Stored data
◇ ◇ ◇ ◇ ◇ ◇ ◇

(* Let $\tau_0,\tau_1,\tau_2>0$. For any $0<\alpha<\beta$, we have $\mathcal{B}_\alpha\subset\mathcal{B}_\beta$.
   Context: $\mathcal{C}=\{z\in\mathbb{C}:\Re z\ge(1+\tau_0)|\Im z|\}\cap\{z\in\mathbb{C}:\tau_1<\Re z<\tau_2\}$; for $a=(a_1,\dots,a_n)\in\mathbb{R}^n$, $p_a(z)=z^n+a_1z^{n-1}+\dots+a_n$; and for $\alpha>0$, $\mathcal{B}_\alpha=\{a\in\mathbb{R}^n:\ p_a(z)/z^n\in\mathcal{C}\text{ for all } z \text{ with } |z|=\alpha\}$. *)

theory Defs
  imports "HOL-Analysis.Analysis"
begin

definition regionC :: "real \<Rightarrow> real \<Rightarrow> real \<Rightarrow> complex set" where
  "regionC t0 t1 t2 = {z. Re z \<ge> (1 + t0) * \<bar>Im z\<bar>} \<inter> {z. t1 < Re z \<and> Re z < t2}"

definition pa :: "real list \<Rightarrow> complex \<Rightarrow> complex" where
  "pa a z = z ^ length a + (\<Sum>k=1..length a. complex_of_real (a ! (k - 1)) * z ^ (length a - k))"

definition setB :: "real \<Rightarrow> real \<Rightarrow> real \<Rightarrow> nat \<Rightarrow> real \<Rightarrow> real list set" where
  "setB t0 t1 t2 n \<alpha> = {a. length a = n \<and>
      (\<forall>z. cmod z = \<alpha> \<longrightarrow> pa a z / z ^ n \<in> regionC t0 t1 t2)}"

end

theory Submission
  imports Defs "HOL-Complex_Analysis.Complex_Analysis"
begin

text \<open>With \<open>w = 1/z\<close>, \<open>p\<^sub>a(z)/z\<^sup>n\<close> becomes the entire function
  \<open>1 + a\<^sub>1 w + \<dots> + a\<^sub>n w\<^sup>n\<close>, and the circle \<open>|z| = \<beta>\<close> lies inside the disc \<open>|w| \<le> 1/\<alpha>\<close>.
  The region \<open>\<C>\<close> is an intersection of half-planes \<open>a Re v + b Im v \<le> d\<close>; since
  \<open>a Re + b Im\<close> of a holomorphic function is harmonic, the maximum principle carries
  each half-plane condition from the circle \<open>|w| = 1/\<alpha>\<close> to the whole disc.\<close>

lemma entire_Re_le_on_cball:
  fixes g :: "complex \<Rightarrow> complex"
  assumes "R > 0" and "g holomorphic_on UNIV"
    and "\<And>v. cmod v = R \<Longrightarrow> Re (g v) \<le> M" and "cmod w \<le> R"
  shows "Re (g w) \<le> M"
proof -
  \<comment> \<open>apply the maximum modulus principle to \<open>exp \<circ> g\<close>, whose modulus is \<open>exp \<circ> Re \<circ> g\<close>\<close>
  have holo: "(\<lambda>v. exp (g v)) holomorphic_on UNIV"
    using assms(2) by (intro holomorphic_intros)
  have "norm (exp (g w)) \<le> exp M"
  proof (rule maximum_modulus_frontier[where f = "\<lambda>v. exp (g v)" and S = "cball 0 R"])
    show "(\<lambda>v. exp (g v)) holomorphic_on interior (cball 0 R)"
      using holo by (rule holomorphic_on_subset) simp
    show "continuous_on (closure (cball 0 R)) (\<lambda>v. exp (g v))"
      using holomorphic_on_imp_continuous_on[OF holo] by (rule continuous_on_subset) simp
    show "w \<in> cball 0 R" using assms(4) by simp
    fix v assume "v \<in> frontier (cball (0::complex) R)"
    then show "norm (exp (g v)) \<le> exp M" using assms(1,3) by simp
  qed simp
  then show ?thesis by simp
qed

lemma entire_Re_less_on_cball:
  fixes g :: "complex \<Rightarrow> complex"
  assumes "R > 0" and holo: "g holomorphic_on UNIV"
    and "\<And>v. cmod v = R \<Longrightarrow> Re (g v) < d" and "cmod w \<le> R"
  shows "Re (g w) < d"
proof -
  have "continuous_on (sphere 0 R) (\<lambda>v. Re (g v))"
    using holomorphic_on_imp_continuous_on[OF holo]
    by (intro continuous_intros) (auto intro: continuous_on_subset)
  moreover have "sphere (0::complex) R \<noteq> {}" using assms(1) by simp
  ultimately obtain s where s: "s \<in> sphere 0 R" "\<And>v. v \<in> sphere 0 R \<Longrightarrow> Re (g v) \<le> Re (g s)"
    using continuous_attains_sup[of "sphere 0 R" "\<lambda>v. Re (g v)"] by auto
  have "Re (g w) \<le> Re (g s)"
    using entire_Re_le_on_cball[OF assms(1) holo _ assms(4)] s(2) by simp
  also have "\<dots> < d" using assms(3) s(1) by simp
  finally show ?thesis .
qed

lemma entire_halfplane_on_cball:
  fixes g :: "complex \<Rightarrow> complex"
  assumes "R > 0" and "g holomorphic_on UNIV"
    and "\<And>v. cmod v = R \<Longrightarrow> a * Re (g v) + b * Im (g v) \<le> d" and "cmod w \<le> R"
  shows "a * Re (g w) + b * Im (g w) \<le> d"
proof -
  have "Re (Complex a (- b) * g w) \<le> d"
  proof (rule entire_Re_le_on_cball[OF assms(1) _ _ assms(4)])
    show "(\<lambda>v. Complex a (- b) * g v) holomorphic_on UNIV"
      using assms(2) by (rule holomorphic_on_mult[OF holomorphic_on_const])
  qed (use assms(3) in simp)
  then show ?thesis by simp
qed

lemma entire_open_halfplane_on_cball:
  fixes g :: "complex \<Rightarrow> complex"
  assumes "R > 0" and "g holomorphic_on UNIV"
    and "\<And>v. cmod v = R \<Longrightarrow> a * Re (g v) + b * Im (g v) < d" and "cmod w \<le> R"
  shows "a * Re (g w) + b * Im (g w) < d"
proof -
  have "Re (Complex a (- b) * g w) < d"
  proof (rule entire_Re_less_on_cball[OF assms(1) _ _ assms(4)])
    show "(\<lambda>v. Complex a (- b) * g v) holomorphic_on UNIV"
      using assms(2) by (rule holomorphic_on_mult[OF holomorphic_on_const])
  qed (use assms(3) in simp)
  then show ?thesis by simp
qed

lemma regionC_iff_halfplanes:
  assumes "t0 \<ge> -1"
  shows "v \<in> regionC t0 t1 t2 \<longleftrightarrow>
    - Re v + (1 + t0) * Im v \<le> 0 \<and> - Re v - (1 + t0) * Im v \<le> 0 \<and> t1 < Re v \<and> Re v < t2"
proof -
  have "(1 + t0) * \<bar>Im v\<bar> = max ((1 + t0) * Im v) (- ((1 + t0) * Im v))"
    using assms by (simp add: abs_if max_def mult_le_0_iff)
  then show ?thesis by (auto simp: regionC_def)
qed

lemma entire_regionC_on_cball:
  fixes g :: "complex \<Rightarrow> complex"
  assumes t0: "t0 \<ge> -1" and R: "R > 0" and holo: "g holomorphic_on UNIV"
    and circle: "\<And>v. cmod v = R \<Longrightarrow> g v \<in> regionC t0 t1 t2" and w: "cmod w \<le> R"
  shows "g w \<in> regionC t0 t1 t2"
proof -
  note halfplanes = circle[unfolded regionC_iff_halfplanes[OF t0]]
  have "(- 1) * Re (g w) + (1 + t0) * Im (g w) \<le> 0"
    by (rule entire_halfplane_on_cball[OF R holo _ w]) (use halfplanes in force)
  moreover have "(- 1) * Re (g w) + (- 1 - t0) * Im (g w) \<le> 0"
    by (rule entire_halfplane_on_cball[OF R holo _ w]) (use halfplanes in \<open>force simp: algebra_simps\<close>)
  moreover have "(- 1) * Re (g w) + 0 * Im (g w) < - t1"
    by (rule entire_open_halfplane_on_cball[OF R holo _ w]) (use halfplanes in force)
  moreover have "1 * Re (g w) + 0 * Im (g w) < t2"
    by (rule entire_open_halfplane_on_cball[OF R holo _ w]) (use halfplanes in force)
  ultimately show ?thesis
    unfolding regionC_iff_halfplanes[OF t0] by (simp add: algebra_simps)
qed

definition pa_reversed :: "real list \<Rightarrow> complex \<Rightarrow> complex" where
  "pa_reversed a w = 1 + (\<Sum>k=1..length a. complex_of_real (a ! (k - 1)) * w ^ k)"

lemma holomorphic_pa_reversed: "pa_reversed a holomorphic_on S"
  unfolding pa_reversed_def by (intro holomorphic_intros)

lemma pa_div_power_eq_pa_reversed:
  assumes "z \<noteq> 0"
  shows "pa a z / z ^ length a = pa_reversed a (1 / z)"
proof -
  have power_ratio: "z ^ (length a - k) / z ^ length a = (1 / z) ^ k" if "k \<le> length a" for k
  proof -
    have "z ^ length a = z ^ (length a - k) * z ^ k"
      using that by (simp flip: power_add)
    then show ?thesis using assms by (simp add: power_one_over)
  qed
  have "pa a z / z ^ length a =
      1 + (\<Sum>k=1..length a. complex_of_real (a ! (k - 1)) * (z ^ (length a - k) / z ^ length a))"
    using assms unfolding pa_def by (simp add: add_divide_distrib sum_divide_distrib)
  also have "\<dots> = pa_reversed a (1 / z)"
    unfolding pa_reversed_def by (simp add: power_ratio)
  finally show ?thesis .
qed

theorem lemma4p3:
  fixes \<tau>0 \<tau>1 \<tau>2 \<alpha> \<beta> :: real and n :: nat
  assumes "\<tau>0 > 0" and "\<tau>1 > 0" and "\<tau>2 > 0"
    and "0 < \<alpha>" and "\<alpha> < \<beta>"
  shows "setB \<tau>0 \<tau>1 \<tau>2 n \<alpha> \<subseteq> setB \<tau>0 \<tau>1 \<tau>2 n \<beta>"
proof
  fix a assume "a \<in> setB \<tau>0 \<tau>1 \<tau>2 n \<alpha>"
  then have len: "length a = n"
    and on_\<alpha>: "\<And>z. cmod z = \<alpha> \<Longrightarrow> pa a z / z ^ n \<in> regionC \<tau>0 \<tau>1 \<tau>2"
    unfolding setB_def by auto
  have reversed_at: "pa a z / z ^ n = pa_reversed a (1 / z)" if "z \<noteq> 0" for z
    using pa_div_power_eq_pa_reversed[OF that, of a] len by simp
  have on_circle: "pa_reversed a v \<in> regionC \<tau>0 \<tau>1 \<tau>2" if "cmod v = 1 / \<alpha>" for v
  proof -
    have "v \<noteq> 0" using that assms(4) by auto
    then show ?thesis
      using on_\<alpha>[of "1 / v"] reversed_at[of "1 / v"] that by (simp add: norm_divide)
  qed
  have "pa a z / z ^ n \<in> regionC \<tau>0 \<tau>1 \<tau>2" if "cmod z = \<beta>" for z
  proof -
    have z: "z \<noteq> 0" using that assms(4,5) by auto
    have "cmod (1 / z) \<le> 1 / \<alpha>"
      using that assms(4,5) by (simp add: norm_divide frac_le)
    then have "pa_reversed a (1 / z) \<in> regionC \<tau>0 \<tau>1 \<tau>2"
      using assms(1,4) by (intro entire_regionC_on_cball[OF _ _ holomorphic_pa_reversed on_circle]) auto
    then show ?thesis using reversed_at[OF z] by simp
  qed
  with len show "a \<in> setB \<tau>0 \<tau>1 \<tau>2 n \<beta>" unfolding setB_def by auto
qed

end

◇ ◇ ◇ ◇ ◇ ◇ ◇

== Your goal ==
The answer is a portion of the data. Write out exactly the line with "fix a assume" and all lines after it.

== The completed task ==
  fix a assume "a \<in> setB \<tau>0 \<tau>1 \<tau>2 n \<alpha>"
  then have len: "length a = n"
    and on_\<alpha>: "\<And>z. cmod z = \<alpha> \<Longrightarrow> pa a z / z ^ n \<in> regionC \<tau>0 \<tau>1 \<tau>2"
    unfolding setB_def by auto
  have reversed_at: "pa a z / z ^ n = pa_reversed a (1 / z)" if "z \<noteq> 0" for z
    using pa_div_power_eq_pa_reversed[OF that, of a] len by simp
  have on_circle: "pa_reversed a v \<in> regionC \<tau>0 \<tau>1 \<tau>2" if "cmod v = 1 / \<alpha>" for v
  proof -
    have "v \<noteq> 0" using that assms(4) by auto
    then show ?thesis
      using on_\<alpha>[of "1 / v"] reversed_at[of "1 / v"] that by (simp add: norm_divide)
  qed
  have "pa a z / z ^ n \<in> regionC \<tau>0 \<tau>1 \<tau>2" if "cmod z = \<beta>" for z
  proof -
    have z: "z \<noteq> 0" using that assms(4,5) by auto
    have "cmod (1 / z) \<le> 1 / \<alpha>"
      using that assms(4,5) by (simp add: norm_divide frac_le)
    then have "pa_reversed a (1 / z) \<in> regionC \<tau>0 \<tau>1 \<tau>2"
      using assms(1,4) by (intro entire_regionC_on_cball[OF _ _ holomorphic_pa_reversed on_circle]) auto
    then show ?thesis using reversed_at[OF z] by simp
  qed
  with len show "a \<in> setB \<tau>0 \<tau>1 \<tau>2 n \<beta>" unfolding setB_def by auto
qed

end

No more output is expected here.